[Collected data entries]
====
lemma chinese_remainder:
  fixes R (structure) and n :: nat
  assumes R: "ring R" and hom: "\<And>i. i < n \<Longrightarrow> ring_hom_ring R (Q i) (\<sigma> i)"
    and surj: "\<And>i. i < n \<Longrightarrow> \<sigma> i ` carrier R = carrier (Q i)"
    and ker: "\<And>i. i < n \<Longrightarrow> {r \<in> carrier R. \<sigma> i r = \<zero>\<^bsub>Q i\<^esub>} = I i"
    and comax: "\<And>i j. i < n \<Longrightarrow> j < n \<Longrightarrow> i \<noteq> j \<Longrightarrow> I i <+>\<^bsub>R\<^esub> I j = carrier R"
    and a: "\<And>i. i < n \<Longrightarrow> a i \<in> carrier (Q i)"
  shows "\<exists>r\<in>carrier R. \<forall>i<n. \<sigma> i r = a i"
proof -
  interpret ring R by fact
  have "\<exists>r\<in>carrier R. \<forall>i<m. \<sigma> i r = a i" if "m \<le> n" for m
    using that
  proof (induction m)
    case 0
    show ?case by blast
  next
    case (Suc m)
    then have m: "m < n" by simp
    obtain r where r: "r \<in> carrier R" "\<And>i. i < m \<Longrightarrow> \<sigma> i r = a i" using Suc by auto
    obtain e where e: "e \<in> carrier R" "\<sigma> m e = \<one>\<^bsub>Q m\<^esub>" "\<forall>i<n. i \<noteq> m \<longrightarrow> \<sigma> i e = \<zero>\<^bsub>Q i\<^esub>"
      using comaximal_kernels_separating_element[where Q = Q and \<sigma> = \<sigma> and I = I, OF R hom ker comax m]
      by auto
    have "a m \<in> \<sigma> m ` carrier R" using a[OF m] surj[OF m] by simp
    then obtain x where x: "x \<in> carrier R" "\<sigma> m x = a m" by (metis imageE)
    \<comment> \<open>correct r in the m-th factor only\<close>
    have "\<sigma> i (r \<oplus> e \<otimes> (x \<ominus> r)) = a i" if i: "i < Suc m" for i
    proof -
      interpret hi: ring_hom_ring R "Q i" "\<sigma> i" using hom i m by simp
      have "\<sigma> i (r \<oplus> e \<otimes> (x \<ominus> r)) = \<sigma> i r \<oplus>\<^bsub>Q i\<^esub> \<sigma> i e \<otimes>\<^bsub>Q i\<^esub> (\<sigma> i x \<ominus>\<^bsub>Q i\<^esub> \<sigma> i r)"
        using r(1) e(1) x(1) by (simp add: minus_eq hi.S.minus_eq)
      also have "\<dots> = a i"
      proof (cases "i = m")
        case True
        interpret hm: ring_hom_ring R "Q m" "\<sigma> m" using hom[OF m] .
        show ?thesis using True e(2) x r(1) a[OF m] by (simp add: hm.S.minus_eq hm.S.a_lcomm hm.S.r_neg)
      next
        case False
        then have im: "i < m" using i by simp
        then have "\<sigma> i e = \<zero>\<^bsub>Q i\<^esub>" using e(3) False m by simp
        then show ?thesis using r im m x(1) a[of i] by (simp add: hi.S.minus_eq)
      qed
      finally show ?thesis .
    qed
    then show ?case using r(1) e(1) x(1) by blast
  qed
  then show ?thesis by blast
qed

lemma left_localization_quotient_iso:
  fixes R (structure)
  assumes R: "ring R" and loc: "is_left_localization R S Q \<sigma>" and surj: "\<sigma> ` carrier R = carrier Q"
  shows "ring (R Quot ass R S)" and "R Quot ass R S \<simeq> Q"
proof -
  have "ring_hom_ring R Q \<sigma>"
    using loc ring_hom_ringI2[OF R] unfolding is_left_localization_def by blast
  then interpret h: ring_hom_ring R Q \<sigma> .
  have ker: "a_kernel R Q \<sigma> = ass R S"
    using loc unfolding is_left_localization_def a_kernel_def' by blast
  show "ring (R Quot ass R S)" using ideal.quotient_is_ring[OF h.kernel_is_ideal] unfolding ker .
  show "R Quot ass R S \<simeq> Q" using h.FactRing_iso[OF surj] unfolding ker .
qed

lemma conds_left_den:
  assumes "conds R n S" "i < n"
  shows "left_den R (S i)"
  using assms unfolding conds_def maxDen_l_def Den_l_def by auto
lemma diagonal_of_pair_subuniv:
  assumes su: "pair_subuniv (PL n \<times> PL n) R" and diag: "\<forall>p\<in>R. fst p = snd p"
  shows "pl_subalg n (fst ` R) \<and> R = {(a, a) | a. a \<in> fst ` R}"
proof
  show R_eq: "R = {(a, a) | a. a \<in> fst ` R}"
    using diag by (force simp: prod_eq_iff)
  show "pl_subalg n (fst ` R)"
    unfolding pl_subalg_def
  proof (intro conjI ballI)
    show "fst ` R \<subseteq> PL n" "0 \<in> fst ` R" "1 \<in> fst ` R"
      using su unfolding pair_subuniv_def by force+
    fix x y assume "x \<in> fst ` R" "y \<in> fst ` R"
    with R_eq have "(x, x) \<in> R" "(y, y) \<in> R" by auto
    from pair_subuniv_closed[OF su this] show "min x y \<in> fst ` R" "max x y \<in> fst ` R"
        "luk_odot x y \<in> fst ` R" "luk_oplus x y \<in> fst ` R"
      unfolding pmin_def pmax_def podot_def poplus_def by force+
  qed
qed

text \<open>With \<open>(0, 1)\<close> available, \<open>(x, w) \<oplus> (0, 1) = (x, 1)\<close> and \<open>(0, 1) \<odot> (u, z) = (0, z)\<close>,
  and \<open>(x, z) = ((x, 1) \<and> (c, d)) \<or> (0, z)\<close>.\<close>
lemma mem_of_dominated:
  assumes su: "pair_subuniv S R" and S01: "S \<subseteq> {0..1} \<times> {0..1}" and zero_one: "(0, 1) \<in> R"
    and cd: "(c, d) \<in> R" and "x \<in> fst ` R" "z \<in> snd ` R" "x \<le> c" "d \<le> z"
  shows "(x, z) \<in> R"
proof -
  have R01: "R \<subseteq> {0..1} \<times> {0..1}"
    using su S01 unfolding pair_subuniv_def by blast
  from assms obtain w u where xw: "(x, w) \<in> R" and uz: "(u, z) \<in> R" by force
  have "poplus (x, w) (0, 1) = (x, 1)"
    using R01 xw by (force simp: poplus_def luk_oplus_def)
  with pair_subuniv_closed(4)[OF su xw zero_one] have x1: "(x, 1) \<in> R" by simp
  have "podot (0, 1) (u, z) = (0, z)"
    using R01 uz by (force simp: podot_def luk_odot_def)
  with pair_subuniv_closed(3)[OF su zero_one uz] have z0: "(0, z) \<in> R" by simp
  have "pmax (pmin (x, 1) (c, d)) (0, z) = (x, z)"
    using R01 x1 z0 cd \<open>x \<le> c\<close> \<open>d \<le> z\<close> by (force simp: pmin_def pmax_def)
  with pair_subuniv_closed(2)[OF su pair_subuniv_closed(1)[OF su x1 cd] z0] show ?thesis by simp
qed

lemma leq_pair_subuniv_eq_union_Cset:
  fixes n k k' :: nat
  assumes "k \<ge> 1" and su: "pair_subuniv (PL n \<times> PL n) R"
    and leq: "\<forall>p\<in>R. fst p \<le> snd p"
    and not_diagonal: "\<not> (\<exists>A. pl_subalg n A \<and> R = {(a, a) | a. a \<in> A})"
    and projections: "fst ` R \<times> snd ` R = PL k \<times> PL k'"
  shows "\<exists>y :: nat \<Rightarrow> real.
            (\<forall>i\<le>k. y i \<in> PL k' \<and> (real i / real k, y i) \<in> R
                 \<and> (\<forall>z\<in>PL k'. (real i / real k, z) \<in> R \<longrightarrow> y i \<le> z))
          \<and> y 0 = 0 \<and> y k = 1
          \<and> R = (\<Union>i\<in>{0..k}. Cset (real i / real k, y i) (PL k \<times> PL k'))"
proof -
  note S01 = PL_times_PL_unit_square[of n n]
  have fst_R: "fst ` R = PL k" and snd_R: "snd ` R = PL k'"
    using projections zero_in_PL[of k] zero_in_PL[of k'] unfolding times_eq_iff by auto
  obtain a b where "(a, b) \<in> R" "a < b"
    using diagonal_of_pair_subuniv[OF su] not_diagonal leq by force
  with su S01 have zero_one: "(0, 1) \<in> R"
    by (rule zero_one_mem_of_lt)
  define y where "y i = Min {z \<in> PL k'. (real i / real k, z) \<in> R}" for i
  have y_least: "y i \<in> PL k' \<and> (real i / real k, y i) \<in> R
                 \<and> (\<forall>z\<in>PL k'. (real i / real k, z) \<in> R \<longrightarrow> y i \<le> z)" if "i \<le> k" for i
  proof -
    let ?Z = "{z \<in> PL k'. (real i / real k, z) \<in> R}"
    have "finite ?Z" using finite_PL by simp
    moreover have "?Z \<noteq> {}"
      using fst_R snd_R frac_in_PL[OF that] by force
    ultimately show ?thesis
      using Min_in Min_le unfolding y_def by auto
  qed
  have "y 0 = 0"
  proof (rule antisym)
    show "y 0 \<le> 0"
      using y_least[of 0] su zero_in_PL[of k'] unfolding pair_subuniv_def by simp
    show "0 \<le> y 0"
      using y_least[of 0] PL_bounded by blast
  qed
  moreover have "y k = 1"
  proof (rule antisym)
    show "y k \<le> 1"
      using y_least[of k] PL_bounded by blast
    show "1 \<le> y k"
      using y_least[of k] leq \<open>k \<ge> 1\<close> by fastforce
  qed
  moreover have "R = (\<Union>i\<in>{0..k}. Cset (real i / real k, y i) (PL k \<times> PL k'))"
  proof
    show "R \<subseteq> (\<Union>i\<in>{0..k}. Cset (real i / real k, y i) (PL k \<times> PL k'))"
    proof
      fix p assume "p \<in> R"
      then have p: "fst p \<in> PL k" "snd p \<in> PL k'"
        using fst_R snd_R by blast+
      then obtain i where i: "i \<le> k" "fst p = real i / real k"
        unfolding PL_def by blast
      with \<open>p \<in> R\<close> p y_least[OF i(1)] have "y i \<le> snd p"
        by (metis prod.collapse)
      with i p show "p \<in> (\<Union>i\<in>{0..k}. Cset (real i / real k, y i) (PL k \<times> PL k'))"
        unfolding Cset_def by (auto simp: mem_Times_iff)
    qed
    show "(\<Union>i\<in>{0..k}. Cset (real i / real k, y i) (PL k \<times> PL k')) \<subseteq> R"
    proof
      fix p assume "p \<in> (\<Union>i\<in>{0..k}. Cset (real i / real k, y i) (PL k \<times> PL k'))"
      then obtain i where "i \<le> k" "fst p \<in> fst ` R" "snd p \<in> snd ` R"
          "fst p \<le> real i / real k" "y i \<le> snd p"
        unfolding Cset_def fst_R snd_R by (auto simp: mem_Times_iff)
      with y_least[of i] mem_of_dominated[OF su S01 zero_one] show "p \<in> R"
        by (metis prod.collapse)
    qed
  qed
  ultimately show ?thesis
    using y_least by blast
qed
====
#### [TASK OBJECTIVE]
Find the lines above that hold "surj", then copy each of them.

#### [SOLUTION FOR THIS TASK]
    and surj: "\<And>i. i < n \<Longrightarrow> \<sigma> i ` carrier R = carrier (Q i)"
    have "a m \<in> \<sigma> m ` carrier R" using a[OF m] surj[OF m] by simp
  assumes R: "ring R" and loc: "is_left_localization R S Q \<sigma>" and surj: "\<sigma> ` carrier R = carrier Q"
  show "R Quot ass R S \<simeq> Q" using h.FactRing_iso[OF surj] unfolding ker .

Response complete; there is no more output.